Question 2(a)(i): Describing Tissue Arrangement in a Dicot Stem Plan Diagram

When preparing a plan diagram (low power, showing tissue layout) of a transverse section through a typical herbaceous dicot stem, which feature or arrangement described below is incorrect?

• An outermost single protective layer of cells representing the epidermis.
• A region of ground tissue called the cortex located immediately beneath the epidermis, often containing parenchyma and sometimes collenchyma or sclerenchyma for support.
• The vascular bundles (containing xylem and phloem) are typically arranged in a distinct ring formation separating the cortex from the central pith.
• A large central region composed primarily of parenchyma tissue, known as the pith, is located internal to the ring of vascular bundles.
• Within each vascular bundle, the xylem tissue (responsible for water transport) is typically located towards the outer side of the stem, while the phloem tissue (sugar transport) is located towards the inner (pith) side.

Question 2(a)(ii): Drawing High-Power View of Cortex Parenchyma Cells

You are drawing four adjacent parenchyma cells from the cortex region of a plant stem slide as seen under high power. Which instruction below describes an incorrect technique or representation for these cells?

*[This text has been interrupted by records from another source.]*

lemma ex_pid_step_eq_update:
  assumes "n \<ge> 1" and "finite (states n Op)"
    and "i \<in> {1..n}" and "y \<in> states n Op" and "z \<in> set_pmf (K y i)"
  shows "\<exists>a\<in>set_pmf (step_pmf n Op K). pid_step y a = y(i := z)"
proof -
  obtain g where "g \<in> set_pmf (Pi_pmf (states n Op) 0 (\<lambda>x. K x i))"
    using set_pmf_not_empty[of "Pi_pmf (states n Op) 0 (\<lambda>x. K x i)"] by (meson ex_in_conv)
  then have "g(y := z) \<in> PiE_dflt (states n Op) 0 (\<lambda>x. set_pmf (K x i))"
    using assms(2,4,5) by (auto simp: set_Pi_pmf PiE_dflt_def)
  then have "(i, g(y := z)) \<in> set_pmf (step_pmf n Op K)"
    using assms(3) by (simp add: set_step_pmf[OF assms(1,2)])
  then show ?thesis
    by (force simp: pid_step_def)
qed

lemma C_social_midpoint:
  assumes "row_stochastic n W" and "i \<in> {1..n}" and "2 * c = a + b"
  shows "2 * C_social n W i c x \<le> C_social n W i a x + C_social n W i b x"
proof -
  have "2 * (W i j * \<bar>real_of_int (c - x j)\<bar>) \<le>
      W i j * \<bar>real_of_int (a - x j)\<bar> + W i j * \<bar>real_of_int (b - x j)\<bar>" if "j \<in> {1..n}" for j
  proof -
    have "real_of_int (a - x j) + real_of_int (b - x j) = 2 * real_of_int (c - x j)"
      using arg_cong[OF assms(3), of real_of_int] by simp
    then have "2 * \<bar>real_of_int (c - x j)\<bar> = \<bar>real_of_int (a - x j) + real_of_int (b - x j)\<bar>"
      by (simp only: abs_mult abs_numeral)
    also have "\<dots> \<le> \<bar>real_of_int (a - x j)\<bar> + \<bar>real_of_int (b - x j)\<bar>"
      by (rule abs_triangle_ineq)
    finally have "2 * \<bar>real_of_int (c - x j)\<bar> \<le>
        \<bar>real_of_int (a - x j)\<bar> + \<bar>real_of_int (b - x j)\<bar>" .
    moreover have "0 \<le> W i j"
      using assms(1,2) that by (simp add: row_stochastic_def)
    ultimately have "W i j * (2 * \<bar>real_of_int (c - x j)\<bar>) \<le>
        W i j * (\<bar>real_of_int (a - x j)\<bar> + \<bar>real_of_int (b - x j)\<bar>)"
      by (rule mult_left_mono)
    then show ?thesis
      by (simp add: algebra_simps)
  qed
  then show ?thesis
    unfolding C_social_def sum_distrib_left sum.distrib[symmetric] by (rule sum_mono)
qed

lemma truth_in_pareto_set:
  assumes "row_stochastic n W" and "i \<in> {1..n}" and "\<theta> \<in> Op"
    and "z \<in> pareto_set n W Op \<theta> i x" and "z + x i = 2 * \<theta>"
  shows "\<theta> \<in> pareto_set n W Op \<theta> i x"
proof -
  have "2 * C_social n W i \<theta> x \<le> C_social n W i z x + C_social n W i (x i) x"
    using assms(5) by (intro C_social_midpoint[OF assms(1,2)]) simp
  moreover have "C_social n W i z x \<le> C_social n W i (x i) x"
    using assms(4) by (simp add: pareto_set_def)
  ultimately show ?thesis
    using assms(3) by (simp add: pareto_set_def C_cog_def)
qed

lemma pareto_set_closer_to_truth:
  assumes "row_stochastic n W" and "\<theta> \<in> Op" and "y \<in> states n Op"
    and "\<not> equilibrium n W Op \<theta> y"
  shows "\<exists>i\<in>{1..n}. \<exists>z\<in>pareto_set n W Op \<theta> i y. \<bar>z - \<theta>\<bar> < \<bar>y i - \<theta>\<bar>"
proof -
  obtain i where i: "i \<in> {1..n}" and "pareto_set n W Op \<theta> i y \<noteq> {y i}"
    using assms(4) unfolding equilibrium_def by blast
  moreover have "y i \<in> pareto_set n W Op \<theta> i y"
    using assms(3) i by (simp add: pareto_set_def states_def)
  ultimately obtain z where z: "z \<in> pareto_set n W Op \<theta> i y" and "z \<noteq> y i"
    by blast
  moreover have "\<bar>z - \<theta>\<bar> \<le> \<bar>y i - \<theta>\<bar>"
    using z by (simp add: pareto_set_def C_cog_def)
  ultimately consider "\<bar>z - \<theta>\<bar> < \<bar>y i - \<theta>\<bar>" | "z + y i = 2 * \<theta>" and "y i \<noteq> \<theta>"
    by linarith
  then show ?thesis
  proof cases
    case 1
    with i z show ?thesis by blast
  next
    case 2
    with i show ?thesis
      using truth_in_pareto_set[OF assms(1) i assms(2) z] by force
  qed
qed

definition truth_distance :: "nat \<Rightarrow> int \<Rightarrow> state \<Rightarrow> nat" where
  "truth_distance n \<theta> y = (\<Sum>j\<in>{1..n}. nat \<bar>y j - \<theta>\<bar>)"

lemma truth_distance_update_less:
  assumes "i \<in> {1..n}" and "\<bar>z - \<theta>\<bar> < \<bar>y i - \<theta>\<bar>"
  shows "truth_distance n \<theta> (y(i := z)) < truth_distance n \<theta> y"
  unfolding truth_distance_def using assms by (intro sum_strict_mono_ex1) auto

lemma pid_step_decreases_truth_distance:
  assumes "n \<ge> 1" and "finite (states n Op)" and "row_stochastic n W" and "\<theta> \<in> Op"
    and K: "\<And>x i. x \<in> states n Op \<Longrightarrow> i \<in> {1..n} \<Longrightarrow> set_pmf (K x i) = pareto_set n W Op \<theta> i x"
    and "y \<in> states n Op" and "\<not> equilibrium n W Op \<theta> y"
  shows "\<exists>a\<in>set_pmf (step_pmf n Op K).
    truth_distance n \<theta> (pid_step y a) < truth_distance n \<theta> y"
proof -
  obtain i z where i: "i \<in> {1..n}" and z: "z \<in> pareto_set n W Op \<theta> i y"
    and closer: "\<bar>z - \<theta>\<bar> < \<bar>y i - \<theta>\<bar>"
    using pareto_set_closer_to_truth[OF assms(3,4,6,7)] by blast
  obtain a where a: "a \<in> set_pmf (step_pmf n Op K)" and "pid_step y a = y(i := z)"
    using ex_pid_step_eq_update[OF assms(1,2) i assms(6)] z K[OF assms(6) i] by blast
  then have "truth_distance n \<theta> (pid_step y a) < truth_distance n \<theta> y"
    using truth_distance_update_less[where y = y, OF i closer] by simp
  with a show ?thesis ..
qed

theorem theorem2:
  fixes n :: nat and W :: "nat \<Rightarrow> nat \<Rightarrow> real" and k :: int and s :: nat and \<theta> :: int
    and K :: "state \<Rightarrow> nat \<Rightarrow> int pmf" and x0 :: state
  assumes "n \<ge> 1"
    and "row_stochastic n W"
    and "\<theta> \<in> opinions k s"
    and "\<And>x i. x \<in> states n (opinions k s) \<Longrightarrow> i \<in> {1..n} \<Longrightarrow>
           set_pmf (K x i) = pareto_set n W (opinions k s) \<theta> i x"
    and "x0 \<in> states n (opinions k s)"
  shows "AE \<omega> in stream_space (measure_pmf (step_pmf n (opinions k s) K)).
           \<exists>t. equilibrium n W (opinions k s) \<theta> (traj \<omega> x0 t)"
proof -
  let ?Op = "opinions k s"
  have fin: "finite (states n ?Op)"
    by (simp add: finite_states opinions_def)
  have K_Op: "set_pmf (K x i) \<subseteq> ?Op" if "x \<in> states n ?Op" and "i \<in> {1..n}" for x i
    using assms(4)[OF that] by (auto simp: pareto_set_def)
  have "AE \<omega> in stream_space (measure_pmf (step_pmf n ?Op K)).
      \<exists>t. equilibrium n W ?Op \<theta> (walk pid_step \<omega> x0 t)"
  proof (rule AE_walk_reaches_target[where f = pid_step and St = "states n ?Op"
        and E = "equilibrium n W ?Op \<theta>" and \<phi> = "truth_distance n \<theta>"])
    show "countable (range (pid_step y))" for y
      by (rule countable_range_pid_step)
    show "pid_step y a \<in> states n ?Op"
      if "y \<in> states n ?Op" and "a \<in> set_pmf (step_pmf n ?Op K)" for y a
      using pid_step_in_states[OF assms(1) fin K_Op that] .
    show "\<exists>a\<in>set_pmf (step_pmf n ?Op K).
        truth_distance n \<theta> (pid_step y a) < truth_distance n \<theta> y"
      if "y \<in> states n ?Op" and "\<not> equilibrium n W ?Op \<theta> y" for y
      using pid_step_decreases_truth_distance[OF assms(1) fin assms(2,3,4) that] .
  qed (fact fin assms(5))+
  then show ?thesis
    by (simp add: traj_eq_walk)
qed

end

• Draw the outlines of four cells showing shared, contiguous walls where they touch, representing their typical polygonal or roughly isodiametric shapes in TS.
• Use clear, sharp, continuous lines for all cell walls, avoiding sketchy lines, artistic shading, or colouring.
• Represent the relatively thin primary cell walls typical of parenchyma using heavy, dark double lines to emphasize their structure.
• Include numerous, detailed drawings of chloroplasts within the cytoplasm of each cortical parenchyma cell, as they are the primary site of photosynthesis in the stem.
• Add a clear label line pointing accurately to one of the depicted cell walls and label it appropriately as ‘Cell wall’.

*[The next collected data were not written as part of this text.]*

(* Let $M\ge1$, $\alpha\in(0,1)$, $R_{th}>0$ and $\varepsilon=2^{2R_{th}/(1-\alpha)}-1$. For each $m\in\{1,\dots,M\}$ and each link $j\in\{SR_m,R_mD\}$ let IQI parameters $\xi_{t_j},\xi_{r_j}>0$, $\phi_{t_j},\phi_{r_j}\in\mathbb{R}$ be given, with $\mu_{t_j}=\tfrac12(1+\xi_{t_j}e^{i\phi_{t_j}})$, $v_{t_j}=\tfrac12(1-\xi_{t_j}e^{-i\phi_{t_j}})$, $\mu_{r_j}=\tfrac12(1+\xi_{r_j}e^{-i\phi_{r_j}})$, $v_{r_j}=\tfrac12(1-\xi_{r_j}e^{i\phi_{r_j}})$, $p_j=|\mu_{t_j}\mu_{r_j}+v_{t_j}^*v_{r_j}|^2$, $q_j=|\mu_{r_j}v_{t_j}+\mu_{t_j}^*v_{r_j}|^2$, and assume $p_j-\varepsilon q_j>0$. Let the random variables $X_j$, $j\in\{SR_m,R_mD: 1\le m\le M\}$, be mutually independent with $X_j$ exponential of rate $\lambda_j>0$, and let all estimation-error variances equal $t>0$: $\sigma^2_{e_j}=t$. Define $$C^\infty_j=\frac{1-\alpha}{2}\log_2\!\Big(1+\frac{X_jp_j}{\sigma^2_{e_j}p_j+X_jq_j+\sigma^2_{e_j}q_j}\Big).$$ Then $$\Pr\Big\{\max_{1\le m\le M}\min(C^\infty_{SR_m},C^\infty_{R_mD})<R_{th}\Big\}=\prod_{m=1}^M\Big(1-e^{-\lambda_{SR_m}H_{1,m}-\lambda_{R_mD}H_{2,m}}\Big),$$ where $H_{1,m}=\dfrac{\varepsilon\sigma^2_{e_{SR_m}}(p_{SR_m}+q_{SR_m})}{p_{SR_m}-\varepsilon q_{SR_m}}$ and $H_{2,m}=\dfrac{\varepsilon\sigma^2_{e_{R_mD}}(p_{R_mD}+q_{R_mD})}{p_{R_mD}-\varepsilon q_{R_mD}}$.
   Context: Decode-and-forward relaying with $M$ relays and optimal relay selection: the relay maximizing the end-to-end capacity $\min(C_{SR_m},C_{R_mD})$ is selected. $X_j=|\hat h_j|^2$ are estimated Rayleigh channel gains, $\sigma^2_{e_j}$ channel-estimation-error variances, $p_j,q_j$ the I/Q-imbalance gain coefficients. The left-hand side is the asymptotic (high-SNR) outage probability; $z^*$ is complex conjugate, $i$ the imaginary unit. *)

theory Defs
  imports "HOL-Probability.Probability"
begin

text \<open>IQI coefficients. Links are indexed by pairs (m, b): (m, True) is the link S-R_m,
  (m, False) is the link R_m-D.\<close>

definition mu_t :: "real \<Rightarrow> real \<Rightarrow> complex" where
  "mu_t xi phi = (1 + complex_of_real xi * cis phi) / 2"
definition v_t :: "real \<Rightarrow> real \<Rightarrow> complex" where
  "v_t xi phi = (1 - complex_of_real xi * cis (- phi)) / 2"
definition mu_r :: "real \<Rightarrow> real \<Rightarrow> complex" where
  "mu_r xi phi = (1 + complex_of_real xi * cis (- phi)) / 2"
definition v_r :: "real \<Rightarrow> real \<Rightarrow> complex" where
  "v_r xi phi = (1 - complex_of_real xi * cis phi) / 2"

Question 2(b): Comparing Dicot and Monocot Stem Structures

Micrograph 1 represents a typical dicot stem (like L1, with vascular bundles in a distinct ring, separating a clear cortex and central pith). Micrograph 2 shows a stem with vascular bundles scattered throughout the ground tissue (typical monocot structure). Which statement makes an incorrect structural comparison between these two types of stem?

• A key difference in tissue organization is the arrangement of vascular bundles: arranged in a ring in the dicot stem (Micrograph 1) versus scattered throughout the ground tissue in the monocot stem (Micrograph 2).
• A distinct central pith region, composed of parenchyma, is clearly visible inside the vascular ring in the dicot stem (Micrograph 1), whereas such a distinct central pith is typically absent in the monocot stem (Micrograph 2).
• Vascular cambium is usually present between the xylem and phloem within the vascular bundles of the dicot stem (Micrograph 1), enabling secondary growth (increase in diameter), but is absent in monocot bundles (Micrograph 2).
• The scattered vascular bundles observed in the monocot stem (Micrograph 2) are typically uniform in size and structure regardless of their position within the stem.
• A distinct cortex region, located between the epidermis and the vascular ring, is identifiable in the dicot stem (Micrograph 1), while in the monocot stem (Micrograph 2), the tissue surrounding the scattered bundles is generally referred to simply as ground tissue.

Question 2(c): Calculating Mean Actual Stem Diameter

A photomicrograph of a plant stem section was taken at x40 magnification. The diameter of the stem image was measured at three different points as 80 mm, 82 mm, and 78 mm. Which step below shows an incorrect procedure or calculation when determining the mean actual diameter of the stem?

• Sum the three image diameter measurements: 80 mm + 82 mm + 78 mm = 240 mm.
• Calculate the mean image diameter by dividing the sum by the number of measurements: 240 mm / 3 = 80 mm.
• Identify the magnification used for the photomicrograph, which is given as x40 (M = 40).
• Recall or apply the formula relating actual size, image size, and magnification: Actual Diameter = Mean Image Diameter / Magnification.
• Perform the calculation using the mean image diameter and magnification: Actual Diameter = 80 mm * 40 = 3200 mm or 3.2 meters.